CONVICTION - NON-CONVICTION DISPOSITION - ADMISSION OF SUFFICIENT FACTS
    If a stipulation is entered allowing a police report or certificate of probable cause to be entered into the court record as part of plea proceedings, there is a risk that immigration courts might consider the facts contained in those documents to be part of the record of conviction for purposes of determining the existence and nature of a conviction. Sometimes, however, stipulating to the admissibility of a police report is not equivalent to admitting "facts sufficient to warrant a finding of guilt."

     An"immigration-safe" deferral scheme to consider, rather than admitting the police report into evidence at the time of the deferral, is one in which non-citizens agree to waive their right to object or contest any evidence presented at any subsequent violation or revocation hearing and agree that the judge will review the evidence presented at that time (which would be the police report) and make a decision as to guilt based solely on that evidence.

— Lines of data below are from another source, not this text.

lemma unreachable_point_rho_lt1:
  fixes c \<rho> m M :: real
  assumes c: "0 < c" and \<rho>: "0 < \<rho>" "\<rho> < 1" and M: "0 < M"
  shows "\<exists>p. p \<in> V_set c \<rho> admissible \<and> p \<notin> V_set c \<rho> (admissible_mM m M)"
proof -
  define \<delta> where "\<delta> = \<rho> * c / (2 * (1 + c\<^sup>2))"
  define C where "C = (1 + \<rho>) + (c + 1) * M"
  define \<tau> where "\<tau> = \<delta> / (2 * C)"
  define \<kappa> where "\<kappa> = W_gain c \<rho> * W_crit c \<rho> * \<delta>\<^sup>2 / 4"
  define \<epsilon> where "\<epsilon> = min (\<kappa> * \<tau>) (1 / (4 * c))"
  have \<gamma>: "0 < W_gain c \<rho>" and w: "0 < W_crit c \<rho>"
    using W_gain_pos[OF c \<rho>(1)] W_crit_sign(2)[OF c \<rho>] by auto
  have \<delta>: "0 < \<delta>"
    using c \<rho> by (simp add: \<delta>_def add_pos_nonneg)
  have C: "1 \<le> C"
    using c \<rho> M by (simp add: C_def)
  then have \<tau>: "0 < \<tau>" "C * \<tau> = \<delta> / 2"
    using \<delta> by (simp_all add: \<tau>_def)
  have \<kappa>: "0 < \<kappa>"
    using \<gamma> w \<delta> by (simp add: \<kappa>_def)
  have \<epsilon>: "0 < \<epsilon>" "\<epsilon> \<le> 1 / (4 * c)" "\<epsilon> \<le> \<kappa> * \<tau>"
    using \<kappa> \<tau> c by (auto simp: \<epsilon>_def)
  interpret curve: curve_rho_lt1 c \<rho> \<epsilon>
    using c \<rho> \<epsilon> by unfold_locales auto
  have \<delta>_eq: "curve.\<delta> = \<delta>"
    by (simp add: curve.\<delta>_def \<delta>_def)
  have "\<delta> \<le> 1" "\<tau> \<le> 1" "W_gain c \<rho> \<le> 1"
    using curve.parameters \<delta> \<tau> C unfolding \<delta>_eq by (auto simp: \<tau>_def field_simps)
  then have "W_gain c \<rho> * \<delta>\<^sup>2 * \<tau> \<le> 1 * 1 * 1"
    using \<gamma> \<delta> \<tau> by (intro mult_mono power_le_one) auto
  then have "W_crit c \<rho> * (W_gain c \<rho> * \<delta>\<^sup>2 * \<tau> / 4) < W_crit c \<rho> * 1"
    using w by (intro mult_strict_left_mono) auto
  then have "\<kappa> * \<tau> < W_crit c \<rho>"
    by (simp add: \<kappa>_def algebra_simps)
  then have "(curve.u0, curve.v0) \<notin> V_set c \<rho> (admissible_mM m M)"
  proof (intro not_in_bounded_V_set_rho_lt1[OF c \<rho> \<delta> \<tau>(1)])
    show "((1 + \<rho>) + (c + 1) * M) * \<tau> \<le> \<delta> / 2"
      using \<tau>(2) by (simp add: C_def)
    show "1 - curve.u0 - curve.v0 \<le> - \<delta>"
      using curve.initial_point(3) by (simp add: \<delta>_eq)
    show "W_crit c \<rho> - W_gain c \<rho> * W_crit c \<rho> * \<delta>\<^sup>2 / 4 * \<tau> \<le> curve.v0 - curve.u0 / c"
      using curve.initial_point(4) \<epsilon>(3) by (simp add: \<kappa>_def)
  qed (use curve.initial_point in \<open>simp_all add: \<kappa>_def\<close>)
  with curve.reachable show ?thesis
    by blast
qed

theorem mainTheorem10:
  fixes c \<rho> m M :: real
  assumes "c > 0" and "\<rho> > 0" and "\<rho> \<noteq> 1" and "0 \<le> m" and "m \<le> M" and "M > 0"
  shows "V_set c \<rho> (admissible_mM m M) \<subset> V_set c \<rho> admissible"
proof -
  have "V_set c \<rho> (admissible_mM m M) \<subseteq> V_set c \<rho> admissible"
    unfolding V_set_def admissible_mM_def by auto
  moreover have "\<exists>p. p \<in> V_set c \<rho> admissible \<and> p \<notin> V_set c \<rho> (admissible_mM m M)"
    using unreachable_point_rho_lt1[OF assms(1,2) _ assms(6)]
      unreachable_point_rho_gt1[OF assms(1) _ assms(6)] assms(3) by (cases "\<rho> < 1") auto
  ultimately show ?thesis
    by blast
qed

end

Thus, it would be understood at the time that the deferral scheme is agreed upon by the parties that the prosecutor would later present the police report at a subsequent violation/revocation hearing if the defendant does not comply with the conditions of deferral. However, if the defendant complies with the conditions, the case is dismissed without any admissions by the defendant, and the police report will not have been entered into evidence for purposes of determining guilt. This would arguably avoid the offense being deemed a conviction for immigration purposes. The following language is suggested:

    I understand that I have a right to contest and object to evidence presented against me. I give up the right to contest and object to any evidence presented against me as to my guilt or innocence regarding the underlying charge at any future hearings if I fail to comply with the conditions of this agreement. I also understand that I have the right to present evidence on my own behalf. I give up the right to present evidence on my own behalf as to my guilt or innocence regarding the underlying charge. I understand that if I do not comply with the conditions of this agreement, evidence will be presented against me at a future hearing and I understand that the judge will read and review that evidence in determining my guilt or innocence.

Prosecutors sometimes accept this language. Thanks to Jonathan Moore.